Hybrid quantum-HPC algorithms advance research by delegating complex tasks to quantum processors and using HPC systems to orchestrate workflows and complementary computations. Sample-based quantum diagonalization (SQD) is a hybrid quantum-HPC method in which information from a molecular Hamiltonian is encoded into a quantum circuit for evaluation on a quantum computer. A set of measurements on the quantum computer yields electronic configurations that are filtered on the classical computer, which also performs diagonalization on the selected subspace and identifies configurations to be carried over to the next step in an iterative process. Diagonalization is the most demanding task for the classical computer. Previous studies used the Fugaku supercomputer and a highly scalable diagonalization code designed for CPUs. In this work, we describe our efforts to enable efficient scalable and portable diagonalization on heterogeneous systems using GPUs as the main compute engines based on the previous work. GPUs provide massive on-device thread-level parallelism that is well aligned with the algorithms used for diagonalization. We focus on the computation of ground-state energies and wavefunctions using the Davidson algorithm with a selected set of electron configurations. We describe the offload strategy, code transformations, and data-movement, with examples of measurements on the Frontier supercomputer and five other GPU accelerated systems. Our measurements show that GPUs provide an outstanding performance boost of order 100x on a per-node basis.
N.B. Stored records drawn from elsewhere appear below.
(* Let $k\ge 3$ be an integer, $B\ge 1$ real and $d$ a natural number. The number of pairs $(u,v)\in\mathbb{Z}^2$ with $|u|\leq B$, $|v|\leq B$ and $u^k\equiv v^k\pmod d$ is $O(B^{1+\varepsilon}+B^{2+\varepsilon}d^{\varepsilon-2/k})$ for every $\varepsilon>0$, the implicit constant depending only on $k$ and $\varepsilon$. *)

theory Defs
  imports Complex_Main "HOL-Number_Theory.Cong"
begin

end

theory Submission
  imports Defs "HOL-Number_Theory.Number_Theory"
begin

text \<open>
  If \<open>d > 2B\<^sup>k\<close> the congruence \<open>u\<^sup>k \<equiv> v\<^sup>k\<close> is an equation, so \<open>|u| = |v|\<close> and there are
  \<open>O(B)\<close> pairs. Otherwise write \<open>(u, v) = g (a, b)\<close> with \<open>a, b\<close> coprime: then
  \<open>a\<^sup>k \<equiv> b\<^sup>k\<close> modulo \<open>e = d / gcd(d, g\<^sup>k)\<close> and \<open>b\<close> is a unit modulo \<open>e\<close>, so \<open>a\<close> lies in
  one of at most \<open>\<rho>(e)\<close> residue classes, \<open>\<rho>(e)\<close> bounding the number of \<open>k\<close>-th roots of a unit
  modulo \<open>e\<close>. Hensel-type lifting and the Chinese remainder theorem give
  \<open>\<rho>(e) \<le> (k\<^sup>3)\<^bsup>\<omega>(e)\<^esup> = O(d\<^sup>\<delta>)\<close>, so each \<open>g\<close> contributes \<open>O(d\<^sup>\<delta> (B/g) (B/(g e) + 1))\<close> pairs.
  Summing over \<open>g\<close> with \<open>\<Sum>\<^sub>g gcd(d, g\<^sup>k)/g\<^sup>2 \<le> 2 \<tau>(d) d\<^bsup>1-2/k\<^esup>\<close> and the divisor
  bound \<open>\<tau>(d) = O(d\<^sup>\<delta>)\<close> yields the estimate.
\<close>

section \<open>Submultiplicative functions are \<open>O(n\<^sup>\<delta>)\<close>\<close>

lemma obtain_prime_power_coprime_factor:
  fixes n :: nat
  assumes "n > 1"
  obtains p a m where "prime p" "a > 0" "m > 0" "\<not> p dvd m" "n = p ^ a * m" "m < n"
proof -
  obtain p where p: "prime p" "p dvd n"
    using assms prime_factor_nat by (metis less_irrefl)
  define a where "a = multiplicity p n"
  define m where "m = n div p ^ a"
  have "\<not> p dvd m"
    unfolding m_def a_def by (rule multiplicity_decompose) (use assms p in auto)
  moreover have n_eq: "n = p ^ a * m"
    unfolding m_def a_def using multiplicity_dvd[of p n] by simp
  moreover have "a > 0"
    unfolding a_def using p assms by (simp add: prime_multiplicity_gt_zero_iff)
  moreover have "m > 0"
    using n_eq assms by (metis gr0I mult_0_right not_one_less_zero)
  moreover have "p ^ a \<ge> 2"
    using \<open>a > 0\<close> prime_ge_2_nat[OF p(1)] power_increasing[of 1 a p] by simp
  ultimately show ?thesis
    using that p n_eq n_less_m_mult_n[of m "p ^ a"] by simp
qed

lemma prime_factors_prime_power_mult:
  fixes p a m :: nat
  assumes "prime p" "a > 0" "m > 0" "\<not> p dvd m"
  shows "prime_factors (p ^ a * m) = insert p (prime_factors m)"
proof -
  have "prime_factors (p ^ a) = {p}"
    using assms by (simp add: prime_factorization_prime_power)
  then show ?thesis
    using assms prime_factors_product[of "p ^ a" m] by (simp add: prime_gt_0_nat)
qed

lemma card_prime_factors_prime_power_mult:
  fixes p a m :: nat
  assumes "prime p" "a > 0" "m > 0" "\<not> p dvd m"
  shows "card (prime_factors (p ^ a * m)) = Suc (card (prime_factors m))"
  using prime_factors_prime_power_mult[OF assms] assms(4)
  by (simp add: card_insert_if in_prime_factors_iff)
This dramatically expedites the diagonalization step-essential for extracting ground and excited state energies-bringing the classical processing time down from hours to minutes.
Paper Structure (13 sections, 3 figures, 10 tables)

This paper contains 13 sections, 3 figures, 10 tables.

Figures (3)

  • Figure 1: Strong scaling performance of GPU accelerated code on 1 to 128 nodes, 8 to 1024 GPUs on Frontier.
  • Figure 2: Comparison of performance per GPU across different GPU systems, using inputs for N$_2$ with $3.08\times10^8$ configurations problem. MI250X as the baseline. The figure shows three generations of GPUs: (MI250x, A100), (MI300X, H100), and (MI355X, GB200).
  • Figure 3: MPI time-lines for a representative job on 32 nodes of Frontier.